© Reuters. FILE PHOTO: Banknotes of Chinese yuan and Russian rouble are seen amid flags of China and Russia in this illustration picture taken September 15, 2022. REUTERS/Florence Lo/Illustration/File Photo
By Darya Korsunskaya and Alexander Marrow
(Reuters) – Russia’s finance ministry said on Thursday it would switch to foreign currency sales from purchases in the coming weeks after December oil and gas revenues were lower than expected.

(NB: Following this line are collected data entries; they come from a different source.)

(* Let $u$ be a smooth absolute $E_1$-minimizer on a domain of the $xy$-plane where $D\neq0$. Then $$-\alpha\,N(H)-\alpha H^2+2\alpha^2N(\theta)+\tfrac23H\,N^{\perp}N^{\perp}\theta+N^{\perp}N^{\perp}\alpha=-2\alpha\,N^{\perp}(\alpha).$$
   Context: Heisenberg group $H_1$ with contact form $\Theta=dt+x\,dy-y\,dx$; graph $t=u(x,y)$, $D=[(u_x-y)^2+(u_y+x)^2]^{1/2}$, $\cos\theta=(u_x-y)/D$, $\sin\theta=(u_y+x)/D$, $\alpha=-1/D$, $H=D^{-3}\{(u_y+x)^2u_{xx}-2(u_y+x)(u_x-y)u_{xy}+(u_x-y)^2u_{yy}\}$ (the $p$-mean curvature), $N^{\perp}=\sin\theta\,\partial_x-\cos\theta\,\partial_y$, $N=\cos\theta\,\partial_x+\sin\theta\,\partial_y$. Absolute $E_1$-minimizer: $-N^{\perp}\alpha+\frac12\alpha^2+\frac16H^2=0$ on the nonsingular domain. *)

theory Defs
  imports "HOL-Analysis.Analysis"
begin

definition px :: "(real \<times> real \<Rightarrow> real) \<Rightarrow> real \<times> real \<Rightarrow> real" where
  "px f = (\<lambda>(x, y). deriv (\<lambda>s. f (s, y)) x)"

definition py :: "(real \<times> real \<Rightarrow> real) \<Rightarrow> real \<times> real \<Rightarrow> real" where
  "py f = (\<lambda>(x, y). deriv (\<lambda>s. f (x, s)) y)"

The finance ministry’s currency interventions are carried out by the central bank. In August 2023, the central bank deferred foreign currency purchases until the new year as it stopped them to avoid aggravating pressure on the rouble, which tumbled past 100 to the dollar in August and October.
The ministry was selling for the first half of 2023 as Western sanctions over Russia’s actions in Ukraine hit energy revenues. It reverted to purchases in August as commodity prices rose and energy revenues recovered.

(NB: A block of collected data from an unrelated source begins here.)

(* Let $\Gamma=(V,E,\ell)$ be a finite labeled simplicial graph with all labels even whose Artin group $A_\Gamma$ is of FC-type, let $\mathbb{K}$ be a field, and let $\chi:A_\Gamma\to\mathbb{Z}$ be a surjective, $\mathbb{K}$ non-resonant homomorphism. Fix $k$ and let $\bar X=(X_1,\dots,X_r)$ be a list of distinct simplices of $\mathcal{F}^f(\Gamma)$ with $k+2$ vertices and $\bar Y=(Y_1,\dots,Y_r)$ a list of distinct simplices with $k+1$ vertices. Let $\mathfrak{m}^\chi_{(\bar X,\bar Y)}\in\mathbb{K}[t^{\pm1}]$ be the $r\times r$ minor of $M^\chi_{k+1}(t)$ with rows/columns indexed by $\bar X,\bar Y$, and $\mathfrak{m}_{(\bar X,\bar Y)}\in\mathbb{K}$ the corresponding minor of $M_{k+1}$. Then: (i) $\mathfrak{m}^\chi_{(\bar X,\bar Y)}=\dfrac{\mathbf{p}_{\bar X}\mathbf{q}_{\bar X}}{\mathbf{p}_{\bar Y}\mathbf{q}_{\bar Y}}\,\mathfrak{m}_{(\bar X,\bar Y)}$; (ii) $\mathfrak{m}^\chi_{(\bar X,\bar Y)}\neq 0$ if and only if $(\bar X,\bar Y)$ is acyclic of order $r$; (iii) the largest $r$ for which some $r\times r$ minor $\mathfrak{m}^\chi_{(\bar X,\bar Y)}$ is nonzero is $r=\dim_{\mathbb{K}}\operatorname{im}\partial_{k+1}$.
   Context: $\Gamma=(V,E,\ell)$: finite simplicial graph, labels $\ell(e)=2\tilde\ell(e)$, $\tilde\ell(e)\ge1$. $A_\Gamma=\langle g_v\ (v\in V)\mid (g_vg_w)^{\tilde\ell(e)}=(g_wg_v)^{\tilde\ell(e)},\ e=\{v,w\}\in E\rangle$. For a clique $X\subseteq V$, $W_X$ is the Coxeter group on $g_v$ ($v\in X$) with $g_v^2=1$, $(g_vg_w)^{\ell(\{v,w\})}=1$; FC-type means all such $W_X$ are finite. $\mathcal{F}^f(\Gamma)$ is the simplicial complex on $V$ whose simplices are cliques $X$ with $W_X$ finite (plus $\emptyset$). Fix a total order on $V$; for $X=\{x_0<\dots<x_k\}$, $X_{x_i}=X\setminus\{x_i\}$, $\langle X_{x_i}|X\rangle=(-1)^i$. The (augmented) flag chain complex $C^f_*(\Gamma)$ over $\mathbb{K}$ has basis $c_X$ of $C^f_k$ the simplices with $k+1$ vertices and $\partial_k c_X=\sum_{v\in X}\langle X_v|X\rangle c_{X_v}$; $M_{k+1}$ is the matrix of $\partial_{k+1}$ in these bases (entry $\langle Y|X\rangle$ if $Y\subset X$, $0$ otherwise). $m_v=\chi(g_v)$; for an edge $e=\{v,w\}$, $m_e=m_v+m_w$. $\chi$ is $\mathbb{K}$ non-resonant if $m_v\neq0$ for all $v\in V$ and there is no edge $e$ with $m_e=0$ and $\tilde\ell(e)\cdot1_{\mathbb{K}}=0$. Put $q_n(x)=(x^n-1)/(x-1)$. For a simplex $X$: $\mathbf{p}_X=\prod_{v\in X}(t^{m_v}-1)$, $\mathbf{q}_X=\prod_{e\subseteq X,\,e\in E}q_{\tilde\ell(e)}(t^{m_e})$; for a list $\bar X=(X_1,\dots,X_r)$, $\mathbf{p}_{\bar X}=\prod_i\mathbf{p}_{X_i}$, $\mathbf{q}_{\bar X}=\prod_i\mathbf{q}_{X_i}$. Equivariant complex: $C^\chi_k(\Gamma)$ is free over $\mathbb{K}[t^{\pm1}]$ with basis $\sigma^\chi_X$, $X$ simplex with $k+1$ vertices, and $\partial^\chi_k\sigma^\chi_X=\sum_{v\in X}\langle X_v|X\rangle(t^{m_v}-1)\big[\prod_{w\in X_v}q_{\tilde\ell(\{v,w\})}(t^{m_v+m_w})\big]\sigma^\chi_{X_v}$. $M^\chi_{k+1}(t)$ is the matrix of $\partial^\chi_{k+1}$ in these bases. Acyclic pairs: for $\bar X,\bar Y$ as in the claim, let $N(\bar X)$ be the subcomplex of $\mathcal{F}^f(\Gamma)$ consisting of all simplices with at most $k+1$ vertices together with the simplices in $\bar X$, and $N(\bar Y^c)$ the subcomplex of all simplices with at most $k$ vertices together with the simplices with $k+1$ vertices not in $\bar Y$. $(\bar X,\bar Y)$ is acyclic of order $r$ if $|\bar X|=|\bar Y|=r$ and the pair $(N(\bar X),N(\bar Y^c))$ is acyclic, i.e. $H_*(N(\bar X),N(\bar Y^c);\mathbb{K})=0$. *)

theory Defs
  imports "HOL-Computational_Algebra.Formal_Laurent_Series" "HOL-Library.Function_Algebras" "Jordan_Normal_Form.Determinant"
begin

text \<open>A finite labelled simplicial graph: a finite vertex set V (vertex type carries
the fixed total order), an edge set E of 2-element subsets of V, and the
half-labels lt e (so the label is l(e) = 2 * lt e), with lt e \<ge> 1.\<close>

definition labelled_graph :: "'v set \<Rightarrow> 'v set set \<Rightarrow> ('v set \<Rightarrow> nat) \<Rightarrow> bool" where
  "labelled_graph V E lt \<longleftrightarrow> finite V \<and>
     (\<forall>e\<in>E. \<exists>v w. v \<in> V \<and> w \<in> V \<and> v \<noteq> w \<and> e = {v, w}) \<and>
     (\<forall>e\<in>E. lt e \<ge> 1)"

definition clique :: "'v set \<Rightarrow> 'v set set \<Rightarrow> 'v set \<Rightarrow> bool" where
  "clique V E X \<longleftrightarrow> X \<subseteq> V \<and> (\<forall>v\<in>X. \<forall>w\<in>X. v \<noteq> w \<longrightarrow> {v, w} \<in> E)"

text \<open>Word equivalence in the Coxeter group W_X on generators X with
relations s^2 = 1 and (s t)^(mm s t) = 1 (monoid presentation; valid since
every generator is an involution).\<close>

inductive cox_eq :: "'v set \<Rightarrow> ('v \<Rightarrow> 'v \<Rightarrow> nat) \<Rightarrow> 'v list \<Rightarrow> 'v list \<Rightarrow> bool"
  for X mm where
  refl: "cox_eq X mm w w"
| sym: "cox_eq X mm u w \<Longrightarrow> cox_eq X mm w u"
| trans: "cox_eq X mm u v \<Longrightarrow> cox_eq X mm v w \<Longrightarrow> cox_eq X mm u w"
| sq: "s \<in> X \<Longrightarrow> cox_eq X mm (a @ [s, s] @ b) (a @ b)"
| braid: "s \<in> X \<Longrightarrow> t \<in> X \<Longrightarrow> s \<noteq> t \<Longrightarrow>
          cox_eq X mm (a @ concat (replicate (mm s t) [s, t]) @ b) (a @ b)"

definition coxeter_finite :: "('v set \<Rightarrow> nat) \<Rightarrow> 'v set \<Rightarrow> bool" where
  "coxeter_finite lt X \<longleftrightarrow>
     finite (lists X // {(u, w). u \<in> lists X \<and> w \<in> lists X \<and>
                                 cox_eq X (\<lambda>s t. 2 * lt {s, t}) u w})"

definition FC_type :: "'v set \<Rightarrow> 'v set set \<Rightarrow> ('v set \<Rightarrow> nat) \<Rightarrow> bool" where
  "FC_type V E lt \<longleftrightarrow> (\<forall>X. clique V E X \<longrightarrow> coxeter_finite lt X)"

text \<open>Simplices of F^f(Gamma) (including the empty simplex).\<close>

definition simplex :: "'v set \<Rightarrow> 'v set set \<Rightarrow> ('v set \<Rightarrow> nat) \<Rightarrow> 'v set \<Rightarrow> bool" where
  "simplex V E lt X \<longleftrightarrow> clique V E X \<and> coxeter_finite lt X"

text \<open>A homomorphism chi : A_Gamma \<rightarrow> Z is given by its values m v = chi(g_v)
(every assignment extends, since Z is abelian and the Artin relations
become trivial there).\<close>

definition chi_word :: "('v \<Rightarrow> int) \<Rightarrow> ('v \<times> bool) list \<Rightarrow> int" where
  "chi_word m w = sum_list (map (\<lambda>(v, b). if b then m v else - m v) w)"

definition chi_surjective :: "'v set \<Rightarrow> ('v \<Rightarrow> int) \<Rightarrow> bool" where
  "chi_surjective V m \<longleftrightarrow> chi_word m ` lists (V \<times> UNIV) = UNIV"

definition non_resonant :: "'k::field itself \<Rightarrow> 'v set \<Rightarrow> 'v set set \<Rightarrow> ('v set \<Rightarrow> nat) \<Rightarrow> ('v \<Rightarrow> int) \<Rightarrow> bool"
  where
  "non_resonant TYPE('k) V E lt m \<longleftrightarrow>
     (\<forall>v\<in>V. m v \<noteq> 0) \<and>
     \<not> (\<exists>e\<in>E. (\<Sum>v\<in>e. m v) = 0 \<and> (of_nat (lt e) :: 'k) = 0)"

definition tpow :: "int \<Rightarrow> 'k::field fls" where
  "tpow i = fls_X_intpow i"

text \<open>q_n(x) = (x^n - 1)/(x - 1) as a polynomial, i.e. 1 + x + ... + x^(n-1).\<close>
definition qpoly :: "nat \<Rightarrow> 'a::comm_ring_1 \<Rightarrow> 'a" where
  "qpoly n x = (\<Sum>i<n. x ^ i)"

definition pX :: "('v \<Rightarrow> int) \<Rightarrow> 'v set \<Rightarrow> 'k::field fls" where
  "pX m X = (\<Prod>v\<in>X. tpow (m v) - 1)"

definition qX :: "'v set set \<Rightarrow> ('v set \<Rightarrow> nat) \<Rightarrow> ('v \<Rightarrow> int) \<Rightarrow> 'v set \<Rightarrow> 'k::field fls" where
  "qX E lt m X = (\<Prod>e\<in>{e\<in>E. e \<subseteq> X}. qpoly (lt e) (tpow (\<Sum>v\<in>e. m v)))"

definition pL :: "('v \<Rightarrow> int) \<Rightarrow> 'v set list \<Rightarrow> 'k::field fls" where
  "pL m Xs = prod_list (map (pX m) Xs)"

definition qL :: "'v set set \<Rightarrow> ('v set \<Rightarrow> nat) \<Rightarrow> ('v \<Rightarrow> int) \<Rightarrow> 'v set list \<Rightarrow> 'k::field fls" where
  "qL E lt m Xs = prod_list (map (qX E lt m) Xs)"

text \<open>incidence Y X = <Y|X> = (-1)^i if Y = X minus its i-th smallest vertex
(counting from 0), and 0 otherwise.\<close>
definition incidence :: "'v::linorder set \<Rightarrow> 'v set \<Rightarrow> int" where
  "incidence Y X = (if Y \<subseteq> X \<and> card X = card Y + 1
      then (-1) ^ card {x\<in>X. x < the_elem (X - Y)} else 0)"

definition chi_entry :: "('v set \<Rightarrow> nat) \<Rightarrow> ('v \<Rightarrow> int) \<Rightarrow> 'v::linorder set \<Rightarrow> 'v set \<Rightarrow> 'k::field fls" where
  "chi_entry lt m X Y = (if Y \<subseteq> X \<and> card X = card Y + 1 then
      (let v = the_elem (X - Y) in
        of_int (incidence Y X) * (tpow (m v) - 1) *
        (\<Prod>w\<in>Y. qpoly (lt {v, w}) (tpow (m v + m w))))
      else 0)"

definition minor_chi :: "('v set \<Rightarrow> nat) \<Rightarrow> ('v \<Rightarrow> int) \<Rightarrow> 'v::linorder set list \<Rightarrow> 'v set list \<Rightarrow> 'k::field fls" where
  "minor_chi lt m Xs Ys =
     det (mat (length Xs) (length Ys) (\<lambda>(i, j). chi_entry lt m (Xs ! i) (Ys ! j)))"

definition minor_flag :: "'v::linorder set list \<Rightarrow> 'v set list \<Rightarrow> 'k::field" where
  "minor_flag Xs Ys =
     det (mat (length Xs) (length Ys) (\<lambda>(i, j). of_int (incidence (Ys ! j) (Xs ! i))))"

text \<open>For complexes L \<subseteq> N (sets of finite vertex sets, augmented: the empty
simplex counts), relative chains with d vertices are K-valued functions supported on
simplices of N - L with d vertices; rel_bd is the simplicial boundary.\<close>

definition rel_chains :: "'v set set \<Rightarrow> 'v set set \<Rightarrow> nat \<Rightarrow> ('v set \<Rightarrow> 'k::field) set" where
  "rel_chains N L d = {c. \<forall>\<sigma>. c \<sigma> \<noteq> 0 \<longrightarrow> \<sigma> \<in> N - L \<and> card \<sigma> = d}"

definition rel_bd :: "'v set set \<Rightarrow> 'v set set \<Rightarrow> nat \<Rightarrow> ('v set \<Rightarrow> 'k::field) \<Rightarrow> ('v::linorder set \<Rightarrow> 'k)" where
  "rel_bd N L d c = (\<lambda>\<tau>. if \<tau> \<in> N - L \<and> card \<tau> + 1 = d then
       (\<Sum>\<sigma>\<in>{\<sigma>\<in>N - L. card \<sigma> = d \<and> \<tau> \<subseteq> \<sigma>}. of_int (incidence \<tau> \<sigma>) * c \<sigma>)
     else 0)"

Under its budget rule, Russia sells foreign currency from its National Wealth Fund (NWF) to make up for any shortfall in revenue from oil and gas exports, or makes purchases in the event of a surplus.
The ministry said its sales of foreign currencies and gold for the period from Jan. 15 to Feb. 6 would amount to the equivalent of 69.1 billion roubles ($778.2 million), or 4.1 billion roubles ($46.2 million) per day.

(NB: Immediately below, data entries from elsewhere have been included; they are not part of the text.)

(* For every monomial $\mathbf{y}^\alpha\in\mathbb{K}[\mathbf{y}]$, $\deg_{y_0}(\eta(\mathbf{y}^\alpha))=\deg(\mathbf{y}^\alpha)-\delta(\psi(\mathbf{y}^\alpha))$, where $\deg$ is the total degree and $\deg_{y_0}$ the degree in $y_0$.
   Context: Let $\mathbb{K}$ be a field of characteristic $0$, $M\subset\mathbb{R}^n$ a polytope with $0\in M$, $S_M\subset\mathbb{Z}^n$ the affine semigroup generated by $M\cap\mathbb{Z}^n$ and $S_M^h\subset\mathbb{Z}^{n+1}$ the one generated by $\{(s,1):s\in M\cap\mathbb{Z}^n\}$, both assumed pointed. $\mathbb{K}[S]$ is the semigroup algebra with monomials $X^s$, $X^sX^t=X^{s+t}$; $\mathbb{K}[S_M^h]$ is graded by $\deg X^{(s,d)}=d$. $\chi:\mathbb{K}[S_M^h]\to\mathbb{K}[S_M]$, $X^{(s,d)}\mapsto X^s$. The affine degree $\delta^A(X^s)$ is the least $d$ with $(s,d)\in S_M^h$; the sparse degree of a monomial $X^{(s,d)}$ is $\delta(X^{(s,d)})=\delta^A(X^s)$. Fix a monomial order $<_M$ on $\mathbb{K}[S_M]$. Let $a_0,\dots,a_m$ be the elements of $\{(s,1):s\in M\cap\mathbb{Z}^n\}$ with $a_0=(0,1)$; $\mathbb{K}[\mathbf{y}]=\mathbb{K}[y_0,\dots,y_m]$; $\psi:\mathbb{K}[\mathbf{y}]\to\mathbb{K}[S_M^h]$ the $\mathbb{K}$-algebra epimorphism $y_i\mapsto X^{a_i}$, with kernel the lattice ideal $T$. Fix a monomial order $\tilde<$ on $\mathbb{K}[\mathbf{y}]$ and define the monomial order $<_y$: $\mathbf{y}^a<_y\mathbf{y}^b$ iff $\deg\mathbf{y}^a<\deg\mathbf{y}^b$; or total degrees equal and $\deg_{y_0}\mathbf{y}^a>\deg_{y_0}\mathbf{y}^b$; or both equal and $\chi(\psi(\mathbf{y}^a))<_M\chi(\psi(\mathbf{y}^b))$; or all equal and $\mathbf{y}^a\,\tilde<\,\mathbf{y}^b$. For $g\in\mathbb{K}[\mathbf{y}]$, $\eta(g)$ denotes the normal form of $g$ with respect to $T$ and $<_y$ (for a monomial this normal form is a monomial). *)

theory Defs
  imports "HOL-Analysis.Analysis" "HOL-Library.Poly_Mapping"
begin

definition polytope :: "(real ^ 'n) set \<Rightarrow> bool" where
  "polytope M \<longleftrightarrow> (\<exists>P. finite P \<and> M = convex hull P)"

definition latpts :: "(real ^ 'n) set \<Rightarrow> (int ^ 'n) set" where
  "latpts M = {s. (\<chi> i. real_of_int (s $ i)) \<in> M}"

inductive_set sgrp :: "'a::monoid_add set \<Rightarrow> 'a set" for G where
  zero: "0 \<in> sgrp G"
| add: "x \<in> sgrp G \<Longrightarrow> g \<in> G \<Longrightarrow> x + g \<in> sgrp G"

definition pointed :: "'a::ab_group_add set \<Rightarrow> bool" where
  "pointed S \<longleftrightarrow> (\<forall>s\<in>S. - s \<in> S \<longrightarrow> s = 0)"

Russia’s December energy revenues were 199.9 billion roubles lower than the ministry had expected, it said. In January, Russia expects additional energy revenues for the budget of 130.8 billion roubles.
In the previous period, between Dec. 7 and Jan. 12, the ministry had planned to buy foreign currency worth 244.8 billion roubles.
This year, the central bank’s mirroring of finance ministry operations, including the deferred foreign currency purchases from August to December, is being adjusted by the volume of NWF funds spent on financing the government’s budget deficit for 2023 and supporting companies.
Taking that NWF spending into account, the central bank will ultimately make net sales of foreign currency, which should support the rouble, analysts say.
According to a central bank statement in late December, overall operations are set to be adjusted by separate daily yuan sales worth 12.6 billion roubles until the end of January. Daily sales equivalent to 11.8 billion roubles are envisaged from February to June 28.
December’s energy revenue shortfall and the ministry’s switch to sales mean the central bank should sell the equivalent of 16.7 billion roubles a day in the second half of January.